In the records that follow, the lines from the one containing "((k choose j')" to the one containing "k R) \<and>", inclusive, are to be given again exactly.

Dataset entries
######
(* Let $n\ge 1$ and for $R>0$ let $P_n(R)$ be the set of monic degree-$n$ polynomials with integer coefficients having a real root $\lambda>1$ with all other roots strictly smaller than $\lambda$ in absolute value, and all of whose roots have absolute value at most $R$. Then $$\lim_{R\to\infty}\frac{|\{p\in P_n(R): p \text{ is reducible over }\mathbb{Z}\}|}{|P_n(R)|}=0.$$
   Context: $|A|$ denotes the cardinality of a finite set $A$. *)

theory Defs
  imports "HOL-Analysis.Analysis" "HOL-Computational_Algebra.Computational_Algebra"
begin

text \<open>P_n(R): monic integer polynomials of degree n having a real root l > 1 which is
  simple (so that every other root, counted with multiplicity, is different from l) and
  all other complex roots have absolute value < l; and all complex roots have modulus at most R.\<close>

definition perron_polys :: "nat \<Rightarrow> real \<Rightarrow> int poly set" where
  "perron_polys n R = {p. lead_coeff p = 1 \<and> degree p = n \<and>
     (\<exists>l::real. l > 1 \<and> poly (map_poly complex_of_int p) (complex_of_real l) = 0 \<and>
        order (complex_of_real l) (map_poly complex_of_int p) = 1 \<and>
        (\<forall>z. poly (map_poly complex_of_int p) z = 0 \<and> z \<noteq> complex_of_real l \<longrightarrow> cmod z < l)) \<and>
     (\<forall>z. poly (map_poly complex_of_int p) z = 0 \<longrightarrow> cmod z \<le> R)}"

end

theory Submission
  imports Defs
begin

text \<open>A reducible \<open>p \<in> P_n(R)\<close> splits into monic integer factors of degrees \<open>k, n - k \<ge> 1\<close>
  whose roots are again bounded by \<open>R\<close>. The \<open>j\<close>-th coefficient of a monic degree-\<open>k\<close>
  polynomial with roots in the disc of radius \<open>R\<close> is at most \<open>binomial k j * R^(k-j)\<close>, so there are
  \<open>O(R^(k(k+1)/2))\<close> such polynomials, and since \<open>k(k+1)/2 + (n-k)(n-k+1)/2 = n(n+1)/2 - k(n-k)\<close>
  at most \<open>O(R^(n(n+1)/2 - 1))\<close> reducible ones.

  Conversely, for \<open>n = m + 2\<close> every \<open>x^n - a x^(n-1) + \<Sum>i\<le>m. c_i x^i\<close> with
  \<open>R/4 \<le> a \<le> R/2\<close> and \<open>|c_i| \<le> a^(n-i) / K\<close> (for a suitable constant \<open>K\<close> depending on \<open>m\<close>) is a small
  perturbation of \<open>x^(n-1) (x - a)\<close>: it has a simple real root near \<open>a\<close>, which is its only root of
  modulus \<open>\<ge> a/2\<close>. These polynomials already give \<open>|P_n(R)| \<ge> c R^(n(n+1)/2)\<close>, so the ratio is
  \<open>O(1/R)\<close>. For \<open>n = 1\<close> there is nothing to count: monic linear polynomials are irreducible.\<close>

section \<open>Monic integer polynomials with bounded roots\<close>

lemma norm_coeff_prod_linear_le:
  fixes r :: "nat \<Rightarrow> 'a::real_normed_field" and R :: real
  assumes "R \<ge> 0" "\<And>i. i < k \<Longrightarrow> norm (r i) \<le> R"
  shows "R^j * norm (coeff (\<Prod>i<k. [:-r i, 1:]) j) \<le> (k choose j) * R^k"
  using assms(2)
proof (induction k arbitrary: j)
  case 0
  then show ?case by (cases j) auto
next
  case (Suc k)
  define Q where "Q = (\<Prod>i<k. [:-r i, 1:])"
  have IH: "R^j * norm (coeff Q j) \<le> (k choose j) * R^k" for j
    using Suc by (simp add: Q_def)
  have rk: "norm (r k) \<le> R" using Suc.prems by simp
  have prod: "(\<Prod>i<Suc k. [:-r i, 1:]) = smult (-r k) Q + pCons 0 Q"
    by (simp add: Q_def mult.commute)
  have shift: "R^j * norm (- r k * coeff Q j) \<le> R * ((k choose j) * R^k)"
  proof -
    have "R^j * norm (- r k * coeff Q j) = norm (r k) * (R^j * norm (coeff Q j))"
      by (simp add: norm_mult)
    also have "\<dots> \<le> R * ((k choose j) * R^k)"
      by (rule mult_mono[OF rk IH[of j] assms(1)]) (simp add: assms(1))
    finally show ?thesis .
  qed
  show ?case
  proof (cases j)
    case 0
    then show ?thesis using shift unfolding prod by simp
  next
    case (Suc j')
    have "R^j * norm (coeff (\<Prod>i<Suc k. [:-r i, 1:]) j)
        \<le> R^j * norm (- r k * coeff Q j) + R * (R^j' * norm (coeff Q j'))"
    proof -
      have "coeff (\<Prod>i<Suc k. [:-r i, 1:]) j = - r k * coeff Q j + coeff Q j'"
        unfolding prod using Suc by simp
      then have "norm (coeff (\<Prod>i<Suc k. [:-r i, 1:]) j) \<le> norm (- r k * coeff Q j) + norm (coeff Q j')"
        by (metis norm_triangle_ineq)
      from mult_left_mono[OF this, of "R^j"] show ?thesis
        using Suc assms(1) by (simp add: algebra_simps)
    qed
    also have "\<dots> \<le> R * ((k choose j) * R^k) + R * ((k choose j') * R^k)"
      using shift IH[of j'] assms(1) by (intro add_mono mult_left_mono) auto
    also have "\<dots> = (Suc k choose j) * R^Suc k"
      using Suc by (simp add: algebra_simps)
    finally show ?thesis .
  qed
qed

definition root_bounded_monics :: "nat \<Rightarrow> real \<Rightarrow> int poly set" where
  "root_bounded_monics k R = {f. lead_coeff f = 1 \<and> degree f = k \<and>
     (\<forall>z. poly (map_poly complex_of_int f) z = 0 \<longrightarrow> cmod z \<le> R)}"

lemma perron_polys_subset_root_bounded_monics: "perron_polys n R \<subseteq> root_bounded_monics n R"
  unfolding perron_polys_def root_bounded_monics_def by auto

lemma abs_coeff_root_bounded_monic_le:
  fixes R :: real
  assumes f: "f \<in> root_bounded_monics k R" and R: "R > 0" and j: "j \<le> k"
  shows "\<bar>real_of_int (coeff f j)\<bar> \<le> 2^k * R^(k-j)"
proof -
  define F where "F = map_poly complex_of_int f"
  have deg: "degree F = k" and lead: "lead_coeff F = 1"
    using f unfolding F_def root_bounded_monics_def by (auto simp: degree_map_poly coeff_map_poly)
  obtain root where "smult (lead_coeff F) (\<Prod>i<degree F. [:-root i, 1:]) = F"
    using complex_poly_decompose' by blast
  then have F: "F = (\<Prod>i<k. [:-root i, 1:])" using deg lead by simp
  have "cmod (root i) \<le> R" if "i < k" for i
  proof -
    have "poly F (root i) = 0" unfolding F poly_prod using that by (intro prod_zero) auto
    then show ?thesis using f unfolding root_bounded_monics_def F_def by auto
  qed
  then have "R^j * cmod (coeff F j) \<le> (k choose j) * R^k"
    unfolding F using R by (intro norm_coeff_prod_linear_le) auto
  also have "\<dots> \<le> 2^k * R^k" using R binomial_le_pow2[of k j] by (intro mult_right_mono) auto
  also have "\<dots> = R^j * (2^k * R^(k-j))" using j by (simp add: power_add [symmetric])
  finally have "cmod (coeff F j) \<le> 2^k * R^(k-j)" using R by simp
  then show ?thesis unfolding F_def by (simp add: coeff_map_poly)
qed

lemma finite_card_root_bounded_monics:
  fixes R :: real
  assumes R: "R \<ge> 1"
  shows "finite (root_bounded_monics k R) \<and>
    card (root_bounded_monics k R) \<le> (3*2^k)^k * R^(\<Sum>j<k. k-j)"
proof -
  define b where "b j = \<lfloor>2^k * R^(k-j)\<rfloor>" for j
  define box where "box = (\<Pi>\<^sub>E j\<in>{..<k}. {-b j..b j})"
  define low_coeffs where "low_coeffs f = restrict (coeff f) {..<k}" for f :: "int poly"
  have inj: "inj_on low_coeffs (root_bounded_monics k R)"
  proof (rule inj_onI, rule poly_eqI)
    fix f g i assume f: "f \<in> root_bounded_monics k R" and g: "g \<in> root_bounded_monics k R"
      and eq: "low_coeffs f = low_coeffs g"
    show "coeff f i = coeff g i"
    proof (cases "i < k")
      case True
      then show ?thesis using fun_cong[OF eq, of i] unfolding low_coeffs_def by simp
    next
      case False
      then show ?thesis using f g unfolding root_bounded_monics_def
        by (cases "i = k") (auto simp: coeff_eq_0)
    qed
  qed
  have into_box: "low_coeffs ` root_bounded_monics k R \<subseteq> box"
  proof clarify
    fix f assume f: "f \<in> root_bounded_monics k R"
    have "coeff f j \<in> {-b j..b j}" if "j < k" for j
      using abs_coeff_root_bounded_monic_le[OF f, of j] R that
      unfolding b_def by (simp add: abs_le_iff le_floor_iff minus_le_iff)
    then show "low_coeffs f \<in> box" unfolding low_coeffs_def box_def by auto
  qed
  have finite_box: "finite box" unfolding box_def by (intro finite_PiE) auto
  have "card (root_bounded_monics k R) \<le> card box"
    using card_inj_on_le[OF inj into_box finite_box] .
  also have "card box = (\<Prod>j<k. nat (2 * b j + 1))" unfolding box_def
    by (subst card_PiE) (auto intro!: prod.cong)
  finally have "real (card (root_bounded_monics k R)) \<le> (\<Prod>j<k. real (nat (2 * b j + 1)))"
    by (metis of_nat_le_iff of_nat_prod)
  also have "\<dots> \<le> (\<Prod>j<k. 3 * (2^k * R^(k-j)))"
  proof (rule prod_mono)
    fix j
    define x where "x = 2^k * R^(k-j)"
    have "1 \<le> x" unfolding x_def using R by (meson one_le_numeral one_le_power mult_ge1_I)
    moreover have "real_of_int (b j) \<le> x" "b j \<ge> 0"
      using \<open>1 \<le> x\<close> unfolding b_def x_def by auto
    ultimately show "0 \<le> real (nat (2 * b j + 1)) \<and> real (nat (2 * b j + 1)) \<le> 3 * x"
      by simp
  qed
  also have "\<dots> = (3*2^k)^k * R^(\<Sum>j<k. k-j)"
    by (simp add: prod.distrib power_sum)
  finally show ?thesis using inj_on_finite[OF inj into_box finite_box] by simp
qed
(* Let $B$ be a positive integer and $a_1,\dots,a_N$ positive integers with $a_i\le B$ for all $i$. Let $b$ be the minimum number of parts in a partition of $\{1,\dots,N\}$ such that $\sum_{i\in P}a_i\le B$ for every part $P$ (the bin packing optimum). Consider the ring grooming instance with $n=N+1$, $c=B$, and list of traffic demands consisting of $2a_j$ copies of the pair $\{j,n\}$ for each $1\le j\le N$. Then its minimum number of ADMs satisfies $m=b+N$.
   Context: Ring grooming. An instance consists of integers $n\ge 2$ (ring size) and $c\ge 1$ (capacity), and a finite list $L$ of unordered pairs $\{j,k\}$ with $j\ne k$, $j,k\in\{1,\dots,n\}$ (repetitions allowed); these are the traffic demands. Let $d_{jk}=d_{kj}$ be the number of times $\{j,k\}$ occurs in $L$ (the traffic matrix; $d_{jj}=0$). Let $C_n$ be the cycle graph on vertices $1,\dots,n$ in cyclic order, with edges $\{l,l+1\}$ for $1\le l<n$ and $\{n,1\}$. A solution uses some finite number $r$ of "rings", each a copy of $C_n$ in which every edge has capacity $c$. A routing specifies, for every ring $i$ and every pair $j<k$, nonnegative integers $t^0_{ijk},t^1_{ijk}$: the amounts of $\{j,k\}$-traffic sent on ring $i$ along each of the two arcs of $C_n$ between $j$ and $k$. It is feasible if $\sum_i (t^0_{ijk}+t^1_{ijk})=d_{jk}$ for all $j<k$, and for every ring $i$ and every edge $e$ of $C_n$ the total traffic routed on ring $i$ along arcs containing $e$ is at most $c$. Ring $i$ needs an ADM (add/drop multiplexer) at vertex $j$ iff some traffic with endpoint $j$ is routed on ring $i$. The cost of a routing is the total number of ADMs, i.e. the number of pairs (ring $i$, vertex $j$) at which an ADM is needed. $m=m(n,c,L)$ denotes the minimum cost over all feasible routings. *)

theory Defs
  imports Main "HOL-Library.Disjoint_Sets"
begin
######
§ EXERCISE OUTPUT:
    also have "\<dots> \<le> R * ((k choose j) * R^k) + R * ((k choose j') * R^k)"
      using shift IH[of j'] assms(1) by (intro add_mono mult_left_mono) auto
    also have "\<dots> = (Suc k choose j) * R^Suc k"
      using Suc by (simp add: algebra_simps)
    finally show ?thesis .
  qed
qed

definition root_bounded_monics :: "nat \<Rightarrow> real \<Rightarrow> int poly set" where
  "root_bounded_monics k R = {f. lead_coeff f = 1 \<and> degree f = k \<and>
     (\<forall>z. poly (map_poly complex_of_int f) z = 0 \<longrightarrow> cmod z \<le> R)}"

lemma perron_polys_subset_root_bounded_monics: "perron_polys n R \<subseteq> root_bounded_monics n R"
  unfolding perron_polys_def root_bounded_monics_def by auto

lemma abs_coeff_root_bounded_monic_le:
  fixes R :: real
  assumes f: "f \<in> root_bounded_monics k R" and R: "R > 0" and j: "j \<le> k"
  shows "\<bar>real_of_int (coeff f j)\<bar> \<le> 2^k * R^(k-j)"
proof -
  define F where "F = map_poly complex_of_int f"
  have deg: "degree F = k" and lead: "lead_coeff F = 1"
    using f unfolding F_def root_bounded_monics_def by (auto simp: degree_map_poly coeff_map_poly)
  obtain root where "smult (lead_coeff F) (\<Prod>i<degree F. [:-root i, 1:]) = F"
    using complex_poly_decompose' by blast
  then have F: "F = (\<Prod>i<k. [:-root i, 1:])" using deg lead by simp
  have "cmod (root i) \<le> R" if "i < k" for i
  proof -
    have "poly F (root i) = 0" unfolding F poly_prod using that by (intro prod_zero) auto
    then show ?thesis using f unfolding root_bounded_monics_def F_def by auto
  qed
  then have "R^j * cmod (coeff F j) \<le> (k choose j) * R^k"
    unfolding F using R by (intro norm_coeff_prod_linear_le) auto
  also have "\<dots> \<le> 2^k * R^k" using R binomial_le_pow2[of k j] by (intro mult_right_mono) auto
  also have "\<dots> = R^j * (2^k * R^(k-j))" using j by (simp add: power_add [symmetric])
  finally have "cmod (coeff F j) \<le> 2^k * R^(k-j)" using R by simp
  then show ?thesis unfolding F_def by (simp add: coeff_map_poly)
qed

lemma finite_card_root_bounded_monics:
  fixes R :: real
  assumes R: "R \<ge> 1"
  shows "finite (root_bounded_monics k R) \<and>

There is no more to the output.